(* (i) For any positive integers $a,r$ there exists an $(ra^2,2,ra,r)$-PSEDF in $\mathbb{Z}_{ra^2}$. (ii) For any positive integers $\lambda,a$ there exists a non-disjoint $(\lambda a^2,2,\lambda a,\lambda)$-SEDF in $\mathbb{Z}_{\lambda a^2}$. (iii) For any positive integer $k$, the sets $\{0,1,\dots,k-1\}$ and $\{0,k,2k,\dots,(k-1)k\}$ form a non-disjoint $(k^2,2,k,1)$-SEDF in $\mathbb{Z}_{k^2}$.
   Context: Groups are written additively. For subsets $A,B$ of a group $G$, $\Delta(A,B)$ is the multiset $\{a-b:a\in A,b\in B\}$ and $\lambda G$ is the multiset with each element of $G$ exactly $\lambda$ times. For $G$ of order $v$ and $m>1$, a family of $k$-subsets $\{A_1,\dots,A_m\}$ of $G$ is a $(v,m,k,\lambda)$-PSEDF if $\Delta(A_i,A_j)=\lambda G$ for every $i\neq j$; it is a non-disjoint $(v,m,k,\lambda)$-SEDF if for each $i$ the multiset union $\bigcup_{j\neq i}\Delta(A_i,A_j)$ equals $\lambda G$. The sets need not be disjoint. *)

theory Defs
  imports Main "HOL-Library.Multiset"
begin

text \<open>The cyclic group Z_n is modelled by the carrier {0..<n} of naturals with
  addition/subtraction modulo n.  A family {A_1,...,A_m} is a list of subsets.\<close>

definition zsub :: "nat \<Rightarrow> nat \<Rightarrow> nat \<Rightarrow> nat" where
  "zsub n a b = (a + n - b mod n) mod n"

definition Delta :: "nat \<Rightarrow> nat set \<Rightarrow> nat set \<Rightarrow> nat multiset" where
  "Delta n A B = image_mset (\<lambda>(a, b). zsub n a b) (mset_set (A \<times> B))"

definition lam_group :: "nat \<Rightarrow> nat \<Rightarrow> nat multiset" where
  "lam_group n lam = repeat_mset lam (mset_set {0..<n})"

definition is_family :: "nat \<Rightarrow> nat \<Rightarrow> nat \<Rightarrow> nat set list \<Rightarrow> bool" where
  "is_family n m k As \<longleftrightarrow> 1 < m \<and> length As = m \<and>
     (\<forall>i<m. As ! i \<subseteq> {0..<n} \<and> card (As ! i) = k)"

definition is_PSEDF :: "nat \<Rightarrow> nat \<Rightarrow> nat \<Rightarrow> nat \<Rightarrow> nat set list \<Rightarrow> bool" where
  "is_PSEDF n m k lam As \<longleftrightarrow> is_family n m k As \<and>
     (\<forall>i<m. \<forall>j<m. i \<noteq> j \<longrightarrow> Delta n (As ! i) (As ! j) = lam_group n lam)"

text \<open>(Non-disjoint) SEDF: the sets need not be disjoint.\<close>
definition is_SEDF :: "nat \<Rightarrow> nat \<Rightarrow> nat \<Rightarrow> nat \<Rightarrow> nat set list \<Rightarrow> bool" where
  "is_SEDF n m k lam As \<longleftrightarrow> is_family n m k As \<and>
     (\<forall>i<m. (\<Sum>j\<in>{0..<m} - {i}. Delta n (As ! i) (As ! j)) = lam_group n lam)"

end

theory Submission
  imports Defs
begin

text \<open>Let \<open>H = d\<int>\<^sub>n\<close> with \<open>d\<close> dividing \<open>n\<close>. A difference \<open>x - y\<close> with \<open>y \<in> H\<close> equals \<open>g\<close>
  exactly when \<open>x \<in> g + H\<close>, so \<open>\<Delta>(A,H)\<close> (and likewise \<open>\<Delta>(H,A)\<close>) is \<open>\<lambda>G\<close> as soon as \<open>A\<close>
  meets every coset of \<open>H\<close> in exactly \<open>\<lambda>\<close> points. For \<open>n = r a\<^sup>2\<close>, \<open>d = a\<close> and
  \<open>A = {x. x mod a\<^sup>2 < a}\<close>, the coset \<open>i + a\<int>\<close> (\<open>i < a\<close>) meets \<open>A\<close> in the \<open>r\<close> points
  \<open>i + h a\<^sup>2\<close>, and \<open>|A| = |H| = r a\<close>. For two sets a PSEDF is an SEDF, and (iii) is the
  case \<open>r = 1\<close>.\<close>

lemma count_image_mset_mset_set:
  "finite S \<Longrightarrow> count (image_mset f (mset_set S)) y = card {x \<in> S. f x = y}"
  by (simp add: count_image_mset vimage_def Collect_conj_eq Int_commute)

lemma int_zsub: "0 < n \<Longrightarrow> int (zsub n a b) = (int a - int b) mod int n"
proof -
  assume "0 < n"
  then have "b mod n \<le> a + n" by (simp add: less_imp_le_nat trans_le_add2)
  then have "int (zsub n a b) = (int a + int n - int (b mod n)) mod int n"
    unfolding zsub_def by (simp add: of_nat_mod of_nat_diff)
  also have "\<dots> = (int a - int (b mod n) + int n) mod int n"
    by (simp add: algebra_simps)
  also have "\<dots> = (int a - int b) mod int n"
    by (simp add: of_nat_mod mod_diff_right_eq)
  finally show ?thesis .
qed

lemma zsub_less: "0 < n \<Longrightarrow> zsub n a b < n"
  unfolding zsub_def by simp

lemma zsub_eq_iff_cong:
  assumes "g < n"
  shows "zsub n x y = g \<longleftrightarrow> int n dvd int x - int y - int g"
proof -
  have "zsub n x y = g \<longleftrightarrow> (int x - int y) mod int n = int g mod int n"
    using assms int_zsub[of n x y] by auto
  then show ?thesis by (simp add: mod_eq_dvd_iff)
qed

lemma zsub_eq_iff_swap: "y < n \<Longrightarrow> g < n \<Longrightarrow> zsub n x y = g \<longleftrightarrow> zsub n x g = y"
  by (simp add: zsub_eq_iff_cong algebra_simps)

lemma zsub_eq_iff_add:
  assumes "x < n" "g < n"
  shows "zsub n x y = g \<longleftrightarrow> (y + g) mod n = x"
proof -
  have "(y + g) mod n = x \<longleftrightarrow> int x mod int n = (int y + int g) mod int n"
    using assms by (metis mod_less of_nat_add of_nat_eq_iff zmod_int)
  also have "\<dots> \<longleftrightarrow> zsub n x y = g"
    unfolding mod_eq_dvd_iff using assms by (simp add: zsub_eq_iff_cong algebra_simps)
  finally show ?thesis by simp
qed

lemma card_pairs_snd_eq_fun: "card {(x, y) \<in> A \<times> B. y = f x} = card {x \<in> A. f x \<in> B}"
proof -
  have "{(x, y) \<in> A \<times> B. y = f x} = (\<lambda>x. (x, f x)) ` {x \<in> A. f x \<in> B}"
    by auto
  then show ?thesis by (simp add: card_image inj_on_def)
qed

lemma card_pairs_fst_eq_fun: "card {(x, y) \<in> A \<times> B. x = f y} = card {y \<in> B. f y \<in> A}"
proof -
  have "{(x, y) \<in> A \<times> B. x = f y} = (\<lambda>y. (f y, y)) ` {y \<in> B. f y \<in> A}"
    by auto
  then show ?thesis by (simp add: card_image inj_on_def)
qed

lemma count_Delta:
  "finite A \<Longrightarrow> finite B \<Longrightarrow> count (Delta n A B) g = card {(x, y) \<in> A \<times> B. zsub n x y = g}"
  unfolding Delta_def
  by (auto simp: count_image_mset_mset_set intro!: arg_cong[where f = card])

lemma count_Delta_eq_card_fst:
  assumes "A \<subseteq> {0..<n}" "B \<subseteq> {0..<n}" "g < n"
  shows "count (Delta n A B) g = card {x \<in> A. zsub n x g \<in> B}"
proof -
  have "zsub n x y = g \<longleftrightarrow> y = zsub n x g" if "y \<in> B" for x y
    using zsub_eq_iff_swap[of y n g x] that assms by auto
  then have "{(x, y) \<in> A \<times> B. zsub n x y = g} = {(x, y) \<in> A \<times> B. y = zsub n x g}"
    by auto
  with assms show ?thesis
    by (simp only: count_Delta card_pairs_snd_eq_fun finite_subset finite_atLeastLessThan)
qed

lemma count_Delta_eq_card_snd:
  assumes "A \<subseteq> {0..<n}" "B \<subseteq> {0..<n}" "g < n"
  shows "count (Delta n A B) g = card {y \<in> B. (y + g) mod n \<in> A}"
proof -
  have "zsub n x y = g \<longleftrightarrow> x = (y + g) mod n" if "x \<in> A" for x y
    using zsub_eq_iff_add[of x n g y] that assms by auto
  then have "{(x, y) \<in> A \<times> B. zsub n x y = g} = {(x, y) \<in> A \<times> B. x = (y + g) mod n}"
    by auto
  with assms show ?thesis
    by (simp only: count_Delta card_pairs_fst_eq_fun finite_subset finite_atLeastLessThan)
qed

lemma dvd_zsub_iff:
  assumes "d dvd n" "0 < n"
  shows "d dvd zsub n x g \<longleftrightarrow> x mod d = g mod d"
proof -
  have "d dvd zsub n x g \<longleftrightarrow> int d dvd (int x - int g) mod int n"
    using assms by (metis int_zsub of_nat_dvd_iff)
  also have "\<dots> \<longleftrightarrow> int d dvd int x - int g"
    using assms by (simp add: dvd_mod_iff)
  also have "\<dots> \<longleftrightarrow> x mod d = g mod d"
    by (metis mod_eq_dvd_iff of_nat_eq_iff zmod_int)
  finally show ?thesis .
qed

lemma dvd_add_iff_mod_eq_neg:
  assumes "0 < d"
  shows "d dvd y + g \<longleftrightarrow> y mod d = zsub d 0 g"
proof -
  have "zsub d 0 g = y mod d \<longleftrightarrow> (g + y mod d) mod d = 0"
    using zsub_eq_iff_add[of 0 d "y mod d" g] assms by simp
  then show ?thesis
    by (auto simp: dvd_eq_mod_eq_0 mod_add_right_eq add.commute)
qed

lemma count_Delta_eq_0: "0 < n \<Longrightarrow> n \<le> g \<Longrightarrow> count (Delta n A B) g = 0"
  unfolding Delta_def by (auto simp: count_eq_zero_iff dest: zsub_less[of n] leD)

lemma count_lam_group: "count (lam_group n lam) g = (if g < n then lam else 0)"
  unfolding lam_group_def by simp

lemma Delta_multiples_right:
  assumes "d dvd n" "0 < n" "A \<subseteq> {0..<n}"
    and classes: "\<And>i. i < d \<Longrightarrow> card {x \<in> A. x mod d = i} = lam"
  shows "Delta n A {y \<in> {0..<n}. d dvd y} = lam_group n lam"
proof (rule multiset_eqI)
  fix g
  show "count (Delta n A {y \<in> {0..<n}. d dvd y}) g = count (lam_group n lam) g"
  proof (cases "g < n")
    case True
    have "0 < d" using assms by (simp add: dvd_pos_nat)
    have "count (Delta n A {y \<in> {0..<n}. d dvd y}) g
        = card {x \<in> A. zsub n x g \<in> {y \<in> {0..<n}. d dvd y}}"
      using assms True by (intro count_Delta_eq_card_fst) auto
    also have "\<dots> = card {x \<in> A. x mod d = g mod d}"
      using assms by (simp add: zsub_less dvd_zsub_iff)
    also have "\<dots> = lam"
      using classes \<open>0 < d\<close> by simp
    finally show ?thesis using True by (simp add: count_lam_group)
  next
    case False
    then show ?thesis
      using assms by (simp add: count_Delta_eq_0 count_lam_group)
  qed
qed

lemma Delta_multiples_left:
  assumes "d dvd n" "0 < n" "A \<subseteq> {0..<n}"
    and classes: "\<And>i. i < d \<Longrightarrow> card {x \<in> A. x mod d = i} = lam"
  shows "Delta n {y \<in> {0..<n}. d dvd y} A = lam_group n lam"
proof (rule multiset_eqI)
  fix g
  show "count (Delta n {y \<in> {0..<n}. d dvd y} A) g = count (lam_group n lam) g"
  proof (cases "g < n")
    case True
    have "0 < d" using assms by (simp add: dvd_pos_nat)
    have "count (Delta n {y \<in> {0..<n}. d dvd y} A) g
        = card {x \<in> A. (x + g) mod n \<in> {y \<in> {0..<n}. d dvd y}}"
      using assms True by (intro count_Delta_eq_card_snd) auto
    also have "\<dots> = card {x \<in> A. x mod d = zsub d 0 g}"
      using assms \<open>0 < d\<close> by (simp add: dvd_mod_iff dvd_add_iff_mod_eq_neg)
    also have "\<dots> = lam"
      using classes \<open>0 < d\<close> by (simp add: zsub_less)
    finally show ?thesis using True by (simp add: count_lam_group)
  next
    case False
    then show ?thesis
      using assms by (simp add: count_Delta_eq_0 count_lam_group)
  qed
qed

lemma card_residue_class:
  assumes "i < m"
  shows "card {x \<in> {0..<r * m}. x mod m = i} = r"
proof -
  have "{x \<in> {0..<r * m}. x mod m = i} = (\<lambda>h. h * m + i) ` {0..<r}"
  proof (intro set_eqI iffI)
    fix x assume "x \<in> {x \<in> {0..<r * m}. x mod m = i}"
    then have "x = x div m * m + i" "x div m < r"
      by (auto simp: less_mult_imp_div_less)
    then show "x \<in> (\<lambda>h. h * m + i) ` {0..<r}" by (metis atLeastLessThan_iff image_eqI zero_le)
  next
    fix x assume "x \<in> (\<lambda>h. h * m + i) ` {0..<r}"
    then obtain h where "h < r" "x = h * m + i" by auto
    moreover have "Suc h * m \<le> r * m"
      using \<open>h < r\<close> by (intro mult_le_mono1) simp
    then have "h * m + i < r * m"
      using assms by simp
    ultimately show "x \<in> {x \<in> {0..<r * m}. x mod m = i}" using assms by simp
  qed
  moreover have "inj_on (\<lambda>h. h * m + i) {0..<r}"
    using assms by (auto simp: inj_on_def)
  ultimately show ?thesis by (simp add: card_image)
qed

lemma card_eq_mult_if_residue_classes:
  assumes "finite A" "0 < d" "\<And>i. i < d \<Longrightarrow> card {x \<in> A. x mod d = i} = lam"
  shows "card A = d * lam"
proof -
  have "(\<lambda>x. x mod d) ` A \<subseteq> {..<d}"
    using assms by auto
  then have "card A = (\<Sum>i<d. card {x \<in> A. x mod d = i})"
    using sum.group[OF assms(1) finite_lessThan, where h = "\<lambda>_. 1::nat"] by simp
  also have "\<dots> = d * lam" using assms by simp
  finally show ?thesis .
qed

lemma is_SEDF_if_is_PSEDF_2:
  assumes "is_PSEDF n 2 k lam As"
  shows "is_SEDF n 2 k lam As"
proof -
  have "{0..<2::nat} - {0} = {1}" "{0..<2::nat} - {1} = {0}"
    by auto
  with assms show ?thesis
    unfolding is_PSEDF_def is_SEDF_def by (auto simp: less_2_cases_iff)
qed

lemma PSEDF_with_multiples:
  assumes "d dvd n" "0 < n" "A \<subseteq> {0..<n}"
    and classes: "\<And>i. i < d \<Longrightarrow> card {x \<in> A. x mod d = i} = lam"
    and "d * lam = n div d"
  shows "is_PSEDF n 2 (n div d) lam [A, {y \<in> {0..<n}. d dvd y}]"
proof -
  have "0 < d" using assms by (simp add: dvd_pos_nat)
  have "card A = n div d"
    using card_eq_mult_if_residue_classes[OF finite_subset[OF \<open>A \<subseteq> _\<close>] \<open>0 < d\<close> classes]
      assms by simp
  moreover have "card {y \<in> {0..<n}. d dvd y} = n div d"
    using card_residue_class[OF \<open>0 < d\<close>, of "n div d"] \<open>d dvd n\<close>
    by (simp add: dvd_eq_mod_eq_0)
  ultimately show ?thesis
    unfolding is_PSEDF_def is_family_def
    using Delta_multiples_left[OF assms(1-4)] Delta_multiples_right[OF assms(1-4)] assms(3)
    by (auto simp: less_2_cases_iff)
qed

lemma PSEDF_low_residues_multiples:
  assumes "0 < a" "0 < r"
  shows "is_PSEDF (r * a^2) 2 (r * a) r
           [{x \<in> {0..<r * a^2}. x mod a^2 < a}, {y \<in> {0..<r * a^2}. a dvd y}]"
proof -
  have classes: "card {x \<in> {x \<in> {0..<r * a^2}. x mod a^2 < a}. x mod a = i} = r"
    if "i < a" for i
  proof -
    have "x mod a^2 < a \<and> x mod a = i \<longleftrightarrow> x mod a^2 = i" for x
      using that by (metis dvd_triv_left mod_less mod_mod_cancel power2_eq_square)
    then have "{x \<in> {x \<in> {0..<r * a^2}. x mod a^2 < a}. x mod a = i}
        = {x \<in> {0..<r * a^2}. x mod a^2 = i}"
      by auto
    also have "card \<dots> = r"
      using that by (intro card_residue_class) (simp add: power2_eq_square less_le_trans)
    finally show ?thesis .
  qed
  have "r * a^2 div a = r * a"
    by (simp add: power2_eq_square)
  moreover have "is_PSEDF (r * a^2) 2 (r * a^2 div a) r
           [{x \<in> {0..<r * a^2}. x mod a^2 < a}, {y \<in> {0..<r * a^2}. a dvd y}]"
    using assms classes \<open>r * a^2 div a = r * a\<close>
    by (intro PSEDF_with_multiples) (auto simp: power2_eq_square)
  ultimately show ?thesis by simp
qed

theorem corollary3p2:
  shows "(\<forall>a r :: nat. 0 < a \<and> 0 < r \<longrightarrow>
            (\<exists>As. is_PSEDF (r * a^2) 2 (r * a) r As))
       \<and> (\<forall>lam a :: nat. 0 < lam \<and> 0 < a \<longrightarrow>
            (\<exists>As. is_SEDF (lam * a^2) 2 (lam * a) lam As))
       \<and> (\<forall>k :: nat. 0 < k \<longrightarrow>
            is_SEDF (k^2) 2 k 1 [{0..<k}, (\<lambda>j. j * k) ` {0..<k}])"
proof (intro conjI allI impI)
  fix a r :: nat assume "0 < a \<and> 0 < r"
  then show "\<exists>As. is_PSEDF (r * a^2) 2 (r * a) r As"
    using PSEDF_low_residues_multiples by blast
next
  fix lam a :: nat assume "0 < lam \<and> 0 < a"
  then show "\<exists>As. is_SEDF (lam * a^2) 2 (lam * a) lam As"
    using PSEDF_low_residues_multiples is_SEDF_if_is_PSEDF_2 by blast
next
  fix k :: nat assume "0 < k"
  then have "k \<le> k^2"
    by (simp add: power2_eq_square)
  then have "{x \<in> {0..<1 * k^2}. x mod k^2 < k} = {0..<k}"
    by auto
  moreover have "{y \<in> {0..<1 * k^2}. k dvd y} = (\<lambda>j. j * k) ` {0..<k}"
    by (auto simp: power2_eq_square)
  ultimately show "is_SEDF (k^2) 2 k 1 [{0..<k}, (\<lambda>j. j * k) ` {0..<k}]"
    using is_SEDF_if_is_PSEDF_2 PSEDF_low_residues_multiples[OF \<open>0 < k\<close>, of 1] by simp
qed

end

EXERCISE:
For the records above, state how many lines contain the word "forall". Give only the number.

TASK ANSWER:
6